И картинка со скелетом в избе быстренько поменялась у меня на картинку с мертвой старушкой там же. Не намного, между прочим, веселей картинка.
— А енто сынок видать без надобности. Енто и так понятно: была бабка и нету и ступай-хорони.
— Да кому ж хоронить-то?
— Дык мне кому ж боле.
Вернулся Тим, принёс пару кусков мяса, пару картофелин в мундире, хлеба ломоть и полпригоршни соли. Аккуратно ссыпал её на полено.
— Ну всё, мы ложимся. Спасибо, дедушка.
— Не на чем милок, спи-знай.
— Может, вам чего принести?
— Ты малец тово, — повернул дед к Тимке невидящий взор, — чаво-й-то больно уж любезный…
— Да нет, — смутился тот, — нормальный.
— Ты Тимошк как в свою дуду дудел так в яё и дуди, пошто под мене ладисься?
— Да я просто подумал…
— А ты не думкай. Случицца чаво я сам и подзову. Добро?
— Добрей не бывает.
— Ну и топай…
Мы просидели до утра.
Сперва я пытался разъяснить суть наших мытарств, но дед, похоже, знал про них получше моего. Во всяком случае, при упоминании о летучей дуре авторитетно заявил кобелине: «И ента пакость ышшо». Пёс солидарно вильнул хвостом и переложил баскервильскую морду с лапы на лапу.
Потом старый шепелявил, а я слушал, но если скажу, что порядка от этого в голове моей прибавилось — считайте, соврал…
Выяснилось, например, что бабка приходилась ему не то тёткой, не то сестрой двоюродной, этого он и сам точно не разумел, да уж много ли таперя разницы, земля ей пухом!..
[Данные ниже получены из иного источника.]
(* Let $G\in\mathcal{C}$, let $H$ be a hole of $G$, and let $P=u\text{-}\cdots\text{-}v$ be a path of length at least $1$, vertex-disjoint from $H$, such that $u$ and $v$ both have neighbors in $H$, $u$ and $v$ are nested with respect to $H$, and no internal vertex of $P$ has a neighbor in $H$. Then either $u$ and $v$ have a common neighbor in $H$, or $u$ and $v$ are both pendants of $H$ whose (unique) neighbors in $H$ are adjacent. In particular, if $u$ and $v$ are strictly nested with respect to $H$, then $u$ and $v$ are both pendants of $H$ with adjacent neighbors in $H$.
   Context: All graphs are finite and simple; paths are induced paths; a hole is an induced cycle of length at least four. $\mathcal{C}$ is the class of graphs containing no theta, pyramid, prism or turtle as an induced subgraph, where: a theta consists of two nonadjacent vertices $a,b$ and three paths from $a$ to $b$, otherwise vertex-disjoint, any two of which induce a hole; a pyramid consists of a vertex $a$, a triangle $\{b_1,b_2,b_3\}$ and paths $P_i$ from $a$ to $b_i$, pairwise disjoint except at $a$, any two of which induce a hole; a prism consists of two disjoint triangles $\{a_1,a_2,a_3\},\{b_1,b_2,b_3\}$ and pairwise disjoint paths $P_i$ from $a_i$ to $b_i$, any two of which induce a hole; a turtle consists of disjoint paths $P_1$ (from $a_1$ to $b_1$), $P_2$ (from $a_2$ to $b_2$) with $a_1a_2,b_1b_2$ edges and $V(P_1)\cup V(P_2)$ inducing a hole, plus adjacent vertices $x,y$ where $x$ has at least three neighbors in $P_1$ and none in $P_2$, and $y$ has at least three neighbors in $P_2$ and none in $P_1$. For a hole $H$ and $u\notin V(H)$, $N_H(u)$ is the set of neighbors of $u$ in $H$; $u$ is a pendant of $H$ if $|N_H(u)|=1$. Two vertices $u,v\notin V(H)$ are nested with respect to $H$ if there exist distinct $a,b\in V(H)$ such that one of the two $a$–$b$ paths of $H$ contains all neighbors of $u$ in $H$ and the other contains all neighbors of $v$ in $H$; they are strictly nested if they are nested and $N_H(u)\cap N_H(v)=\emptyset$. *)

theory Defs
  imports Main
begin

definition graph :: "'a set \<Rightarrow> ('a \<Rightarrow> 'a \<Rightarrow> bool) \<Rightarrow> bool" where
  "graph V E \<longleftrightarrow> finite V \<and> (\<forall>x y. E x y \<longrightarrow> x \<in> V \<and> y \<in> V)
     \<and> (\<forall>x y. E x y \<longrightarrow> E y x) \<and> (\<forall>x. \<not> E x x)"

definition is_path :: "'a set \<Rightarrow> ('a \<Rightarrow> 'a \<Rightarrow> bool) \<Rightarrow> 'a list \<Rightarrow> bool" where
  "is_path V E p \<longleftrightarrow> p \<noteq> [] \<and> distinct p \<and> set p \<subseteq> V \<and>
     (\<forall>i j. i < length p \<and> j < length p \<longrightarrow> (E (p!i) (p!j) \<longleftrightarrow> (i = j + 1 \<or> j = i + 1)))"

definition is_hole :: "'a set \<Rightarrow> ('a \<Rightarrow> 'a \<Rightarrow> bool) \<Rightarrow> 'a list \<Rightarrow> bool" where
  "is_hole V E cs \<longleftrightarrow> length cs \<ge> 4 \<and> distinct cs \<and> set cs \<subseteq> V \<and>
     (\<forall>i j. i < length cs \<and> j < length cs \<longrightarrow>
        (E (cs!i) (cs!j) \<longleftrightarrow> (j = (i + 1) mod length cs \<or> i = (j + 1) mod length cs)))"

definition hole_set :: "'a set \<Rightarrow> ('a \<Rightarrow> 'a \<Rightarrow> bool) \<Rightarrow> 'a set \<Rightarrow> bool" where
  "hole_set V E S \<longleftrightarrow> (\<exists>cs. is_hole V E cs \<and> set cs = S)"

definition path_from_to :: "'a set \<Rightarrow> ('a \<Rightarrow> 'a \<Rightarrow> bool) \<Rightarrow> 'a list \<Rightarrow> 'a \<Rightarrow> 'a \<Rightarrow> bool" where
  "path_from_to V E p a b \<longleftrightarrow> is_path V E p \<and> hd p = a \<and> last p = b"

definition nbrs :: "('a \<Rightarrow> 'a \<Rightarrow> bool) \<Rightarrow> 'a set \<Rightarrow> 'a \<Rightarrow> 'a set" where
  "nbrs E S u = {w \<in> S. E u w}"

definition has_theta :: "'a set \<Rightarrow> ('a \<Rightarrow> 'a \<Rightarrow> bool) \<Rightarrow> bool" where
  "has_theta V E \<longleftrightarrow> (\<exists>a b P1 P2 P3. a \<noteq> b \<and> \<not> E a b \<and>
     path_from_to V E P1 a b \<and> path_from_to V E P2 a b \<and> path_from_to V E P3 a b \<and>
     set P1 \<inter> set P2 = {a, b} \<and> set P1 \<inter> set P3 = {a, b} \<and> set P2 \<inter> set P3 = {a, b} \<and>
     hole_set V E (set P1 \<union> set P2) \<and> hole_set V E (set P1 \<union> set P3) \<and>
     hole_set V E (set P2 \<union> set P3))"

definition has_pyramid :: "'a set \<Rightarrow> ('a \<Rightarrow> 'a \<Rightarrow> bool) \<Rightarrow> bool" where
  "has_pyramid V E \<longleftrightarrow> (\<exists>a b1 b2 b3 P1 P2 P3. E b1 b2 \<and> E b1 b3 \<and> E b2 b3 \<and>
     path_from_to V E P1 a b1 \<and> path_from_to V E P2 a b2 \<and> path_from_to V E P3 a b3 \<and>
     set P1 \<inter> set P2 = {a} \<and> set P1 \<inter> set P3 = {a} \<and> set P2 \<inter> set P3 = {a} \<and>
     hole_set V E (set P1 \<union> set P2) \<and> hole_set V E (set P1 \<union> set P3) \<and>
     hole_set V E (set P2 \<union> set P3))"

definition has_prism :: "'a set \<Rightarrow> ('a \<Rightarrow> 'a \<Rightarrow> bool) \<Rightarrow> bool" where
  "has_prism V E \<longleftrightarrow> (\<exists>a1 a2 a3 b1 b2 b3 P1 P2 P3.
     E a1 a2 \<and> E a1 a3 \<and> E a2 a3 \<and> E b1 b2 \<and> E b1 b3 \<and> E b2 b3 \<and>
     {a1, a2, a3} \<inter> {b1, b2, b3} = {} \<and>
     path_from_to V E P1 a1 b1 \<and> path_from_to V E P2 a2 b2 \<and> path_from_to V E P3 a3 b3 \<and>
     set P1 \<inter> set P2 = {} \<and> set P1 \<inter> set P3 = {} \<and> set P2 \<inter> set P3 = {} \<and>
     hole_set V E (set P1 \<union> set P2) \<and> hole_set V E (set P1 \<union> set P3) \<and>
     hole_set V E (set P2 \<union> set P3))"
Схоронил он её сам, нониче утром. Дополз кое-как до хаты — лежит сердешна, дожидается. На одеялу положил и волоком же, волоком к могилке на бережку…
Что значит как рыл? Бабка сама допрежь подзаботилася, куды ж ему нвалиду копать! А домовину — ет нет, без домовины наказала положить, как есть присыпать и не горевай — всё земля, а боле-та и ня нада.
Присыпал, значицца, поскулили они с кобелиной на пару по-над сверьху, и сюда, нас дожидацца. Откудова знал? Дык бабка ж и упредила. Придет, казала, горем скрюченный с парой малых. Встреть, казала, уважь, приюти, а дале — как бох. Она ведь, бабка-т, с кех ышшо пор готовилася! Как побёгли лешачата носиться, так и улыбнулася: вот и срок. Она ведь, бабка-т, ведунья была.
— В смысле — ведунья? Колдунья, что ль?
— Ты чем слухашь? Колдуньи колдують, ведуньи ведають. Уразумел? То-то. К ей по ентому делу завсехда хто-нить а наежьжял. Да не хто попадя — всё перваки. Вдавне-то большей на конях, а тут уж кому как вздумаицца, которые и лётом. Явюцца проклятые…
— Да почему же проклятые-то сразу?
— А потому непроклятым здеся чаво ловить? Непроклятый сюда и пути не сыщет.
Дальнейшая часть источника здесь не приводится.